I still have the Lucas generator made in England. Assuming it's probably been rebuilt at one time. Too clean to be original dirt. The voltage regulator on the firewall looks new. Battery is almost 4 years old. Napa commercial truck/tractor. I always keep a trickle charger on it.

I took the starter back off to clean the contacts under the bendix magnetic lever like RC Wells suggested. Didn't see any improvement from that. However I put it back on with out the dust cover to test how easily it engages when I push that down. Took a lot of tries to get it to engage . And when it did it stuck in and wouldn't spring back. So I'm thinking the burrs on the ring gear could be the issue.

I'm more of a chainsaw guy but I never heard of a tractor engine stopping in the same spot everytime. What causes that?


----------



## Guest (Mar 12, 2018)

I've never heard the idea that an engine will always stop at the same spot on the flywheel. In fact I knew someone who had a tractor with some bad teeth on the bell housing and only sometimes this would cause a starting problem. Not saying it's true or untrue, just don't know. But, ok you've convinced me the problem is mechanical. Be nice if you could try a different starter. Speaking about the Lucas generator and voltage regulator. The alternator they sell for these tractors charges at 65 amps. (There's a cheaper one that charges at 35 amps) but the lucas generator I believe is rated for 22 amps and does not charge at idle speed I'm told. The "one wire" alternator conversion will put lucas out of your life forever and it's available with the tach drive. So when it comes time to spend money there.....


----------



## Fordtruckguy5 (Mar 5, 2017)

Graysonr said:


> I've never heard the idea that an engine will always stop at the same spot on the flywheel. In fact I knew someone who had a tractor with some bad teeth on the bell housing and only sometimes this would cause a starting problem. Not saying it's true or untrue, just don't know. But, ok you've convinced me the problem is mechanical. Be nice if you could try a different starter. Speaking about the Lucas generator and voltage regulator. The alternator they sell for these tractors charges at 65 amps. (There's a cheaper one that charges at 35 amps) but the lucas generator I believe is rated for 22 amps and does not charge at idle speed I'm told. The "one wire" alternator conversion will put lucas out of your life forever and it's available with the tach drive. So when it comes time to spend money there.....
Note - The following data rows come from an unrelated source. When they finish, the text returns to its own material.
theorem mainTheorem2:
  fixes d D dl dr :: nat
    and U :: "nat \<Rightarrow> nat \<Rightarrow> nat \<Rightarrow> nat \<Rightarrow> complex"
    and X1 Y1 X2 Y2 X1' Y1' X2' Y2' :: "complex mat"
  assumes "d > 0" "D > 0" "dl > 0" "dr > 0"
    and "admissible d D dl dr U X1 Y1 X2 Y2"
    and "admissible d D dl dr U X1' Y1' X2' Y2'"
    and "left_invertible X1" "left_invertible X2"
    and "left_invertible X1'" "left_invertible X2'"
    and "right_invertible Y1" "right_invertible Y2"
    and "right_invertible Y1'" "right_invertible Y2'"
  shows "\<exists>\<delta>1 \<delta>2 :: complex. \<exists>W1 W2.
     \<delta>1 \<noteq> 0 \<and> \<delta>2 \<noteq> 0 \<and> \<delta>1 * \<delta>2 = 1 \<and>
     unitary_mat dr W1 \<and> unitary_mat dl W2 \<and>
     X1' = \<delta>1 \<cdot>\<^sub>m (X1 * W1) \<and> Y1' = (1 / \<delta>1) \<cdot>\<^sub>m (adj_mat W1 * Y1) \<and>
     X2' = \<delta>2 \<cdot>\<^sub>m (X2 * W2) \<and> Y2' = (1 / \<delta>2) \<cdot>\<^sub>m (adj_mat W2 * Y2)"
proof -
  note adm = assms(5) and adm' = assms(6)
  note X = admissible_carrier[OF adm] and X' = admissible_carrier[OF adm']
  obtain G G' where G: "G \<in> carrier_mat dr dr" "G' \<in> carrier_mat dr dr"
    and G_eq: "X1' = X1 * G" "Y1' = G' * Y1" "G * G' = 1\<^sub>m dr"
    using rank_factorization_unique[OF X(1,2) X'(1,2) admissible_products_eq(1)[OF adm adm']
        assms(7,11,9,13)] .
  obtain H H' where H: "H \<in> carrier_mat dl dl" "H' \<in> carrier_mat dl dl"
    and H_eq: "X2' = X2 * H" "Y2' = H' * Y2" "H * H' = 1\<^sub>m dl"
    using rank_factorization_unique[OF X(3,4) X'(3,4) admissible_products_eq(2)[OF adm adm']
        assms(8,12,10,14)] .
  have "kronecker_mat (adj_mat G * G) (adj_mat H * H) = 1\<^sub>m (dr * dl)"
    using admissible_gauge_kronecker_gram[OF adm _ G(1) H(1)] adm' by (simp add: G_eq H_eq)
  then obtain \<delta> where \<delta>: "\<delta> \<noteq> 0" "adj_mat G * G = (cnj \<delta> * \<delta>) \<cdot>\<^sub>m 1\<^sub>m dr"
    "adj_mat H * H = (cnj (1 / \<delta>) * (1 / \<delta>)) \<cdot>\<^sub>m 1\<^sub>m dl"
    by (rule gram_kronecker_eq_one_mat_scaling[OF G(1) H(1) assms(4,3)])
  obtain W1 where W1: "unitary_mat dr W1" "X1' = \<delta> \<cdot>\<^sub>m (X1 * W1)" "Y1' = (1 / \<delta>) \<cdot>\<^sub>m (adj_mat W1 * Y1)"
    using gauge_unitary_rescaling[OF X(1,2) G G_eq(3) \<delta>(1,2)] unfolding G_eq by blast
  obtain W2 where W2: "unitary_mat dl W2" "X2' = (1 / \<delta>) \<cdot>\<^sub>m (X2 * W2)"
      "Y2' = \<delta> \<cdot>\<^sub>m (adj_mat W2 * Y2)"
    using gauge_unitary_rescaling[OF X(3,4) H H_eq(3) _ \<delta>(3)] \<delta>(1) unfolding H_eq by auto
  show ?thesis
    using \<delta>(1) W1 W2 by (intro exI[of _ \<delta>] exI[of _ "1 / \<delta>"] exI[of _ W1] exI[of _ W2]) simp
qed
Appreciate the info on the generator! No sense in fixing what's not broken. But good info to have in the future . Speaking of the tack drive. The previous owner told me he installed a new tach cable and it worked for a day or so then the tack needle broke and it now just spins round and round. Ya think he installed it wrong, or did the tach just go bad?

Next chance I get to work on it, I'm gonna file the burrs of the couple teeth showing, and retest to see if it binds less. Will keep you all updated.


----------



## Guest (Mar 12, 2018)

Let me stress.....I am not a mechanic....having said that, to me it would seem that you could disconnect the cable from the tach and see if it spins with the engine running. Generator has to drive the cable, cable has to be whole, cable has to drive the tach and hour meter. Perhaps one of the more mechanically experienced folks can shed more light?


----------